++++ INPUT RECORDS
(* The set $\mathfrak{C}(X;G)=\{C(Y): Y\subseteq X\}$ of canonical centralisers is a sublattice of the centraliser lattice $\mathfrak{C}(G)$. That is, for all $Y_1,Y_2\subseteq X$, both $C(Y_1)\wedge C(Y_2)=C(Y_1)\cap C(Y_2)$ and $C(Y_1)\vee C(Y_2)$ are of the form $C(Z)$ for some $Z\subseteq X$.
   Context: Let $\Gamma$ be a finite simple undirected graph with vertex set $X$, and let $G=G(\Gamma)=\langle X\mid [x,y]=1 \text{ whenever } x,y \text{ are joined by an edge of }\Gamma\rangle$ be the (free) partially commutative group with commutation graph $\Gamma$. For $S\subseteq G$, $C(S)$ is the centraliser of $S$ in $G$. The centraliser lattice $\mathfrak{C}(G)$ is the set of all centralisers $C(S)$, $S\subseteq G$, ordered by inclusion, with meet $C(M_1)\wedge C(M_2)=C(M_1)\cap C(M_2)=C(M_1\cup M_2)$ and join $C(M_1)\vee C(M_2)$ defined as the intersection of all centralisers containing both $C(M_1)$ and $C(M_2)$. A canonical centraliser is a centraliser $C(Y)$ with $Y\subseteq X$. *)

theory Defs
  imports "HOL-Algebra.Group"
begin

text \<open>Partially commutative groups (right-angled Artin groups) G(Gamma), built as
  the group of equivalence classes of words over the letters X^{+-1}, modulo free
  cancellation and commutation of letters that are joined by an edge of Gamma.
  A letter is a pair (x, b): b = True means x, b = False means x^{-1}.\<close>

type_synonym 'a letter = "'a \<times> bool"

inductive pc_step :: "('a \<Rightarrow> 'a \<Rightarrow> bool) \<Rightarrow> 'a letter list \<Rightarrow> 'a letter list \<Rightarrow> bool"
  for E where
  cancel: "pc_step E (u @ [(x, b), (x, \<not> b)] @ v) (u @ v)"
| commute: "E x y \<Longrightarrow> pc_step E (u @ [(x, b), (y, c)] @ v) (u @ [(y, c), (x, b)] @ v)"

definition pc_words :: "'a set \<Rightarrow> 'a letter list set" where
  "pc_words X = lists (X \<times> UNIV)"

definition pc_rel :: "'a set \<Rightarrow> ('a \<Rightarrow> 'a \<Rightarrow> bool) \<Rightarrow> ('a letter list \<times> 'a letter list) set" where
  "pc_rel X E = {(u, v). u \<in> pc_words X \<and> v \<in> pc_words X \<and>
      (u, v) \<in> ({(a, b). pc_step E a b} \<union> {(a, b). pc_step E b a})\<^sup>*}"

definition pc_group :: "'a set \<Rightarrow> ('a \<Rightarrow> 'a \<Rightarrow> bool) \<Rightarrow> 'a letter list set monoid" where
  "pc_group X E = \<lparr> carrier = pc_words X // pc_rel X E,
      mult = (\<lambda>A B. pc_rel X E `` {(SOME u. u \<in> A) @ (SOME v. v \<in> B)}),
      one = pc_rel X E `` {[]} \<rparr>"

definition pc_gen :: "'a set \<Rightarrow> ('a \<Rightarrow> 'a \<Rightarrow> bool) \<Rightarrow> 'a \<Rightarrow> 'a letter list set" where
  "pc_gen X E x = pc_rel X E `` {[(x, True)]}"

definition centraliser :: "('g, 'b) monoid_scheme \<Rightarrow> 'g set \<Rightarrow> 'g set" where
  "centraliser G S = {g \<in> carrier G. \<forall>s \<in> S. g \<otimes>\<^bsub>G\<^esub> s = s \<otimes>\<^bsub>G\<^esub> g}"

definition centraliser_lattice :: "('g, 'b) monoid_scheme \<Rightarrow> 'g set set" where
  "centraliser_lattice G = {centraliser G S | S. S \<subseteq> carrier G}"

definition cjoin :: "('g, 'b) monoid_scheme \<Rightarrow> 'g set \<Rightarrow> 'g set \<Rightarrow> 'g set" where
  "cjoin G A B = \<Inter> {C \<in> centraliser_lattice G. A \<subseteq> C \<and> B \<subseteq> C}"

definition canonical_centraliser :: "'a set \<Rightarrow> ('a \<Rightarrow> 'a \<Rightarrow> bool) \<Rightarrow> 'a set \<Rightarrow> 'a letter list set set" where
  "canonical_centraliser X E Y = centraliser (pc_group X E) (pc_gen X E ` Y)"

end

theory Submission
  imports Defs
begin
++++++++
* WHAT THE TASK REQUIRES *
Working from the entries above, return all lines that contain "carrier".

* EXERCISE RESPONSE *
  "pc_group X E = \<lparr> carrier = pc_words X // pc_rel X E,
  "centraliser G S = {g \<in> carrier G. \<forall>s \<in> S. g \<otimes>\<^bsub>G\<^esub> s = s \<otimes>\<^bsub>G\<^esub> g}"
  "centraliser_lattice G = {centraliser G S | S. S \<subseteq> carrier G}"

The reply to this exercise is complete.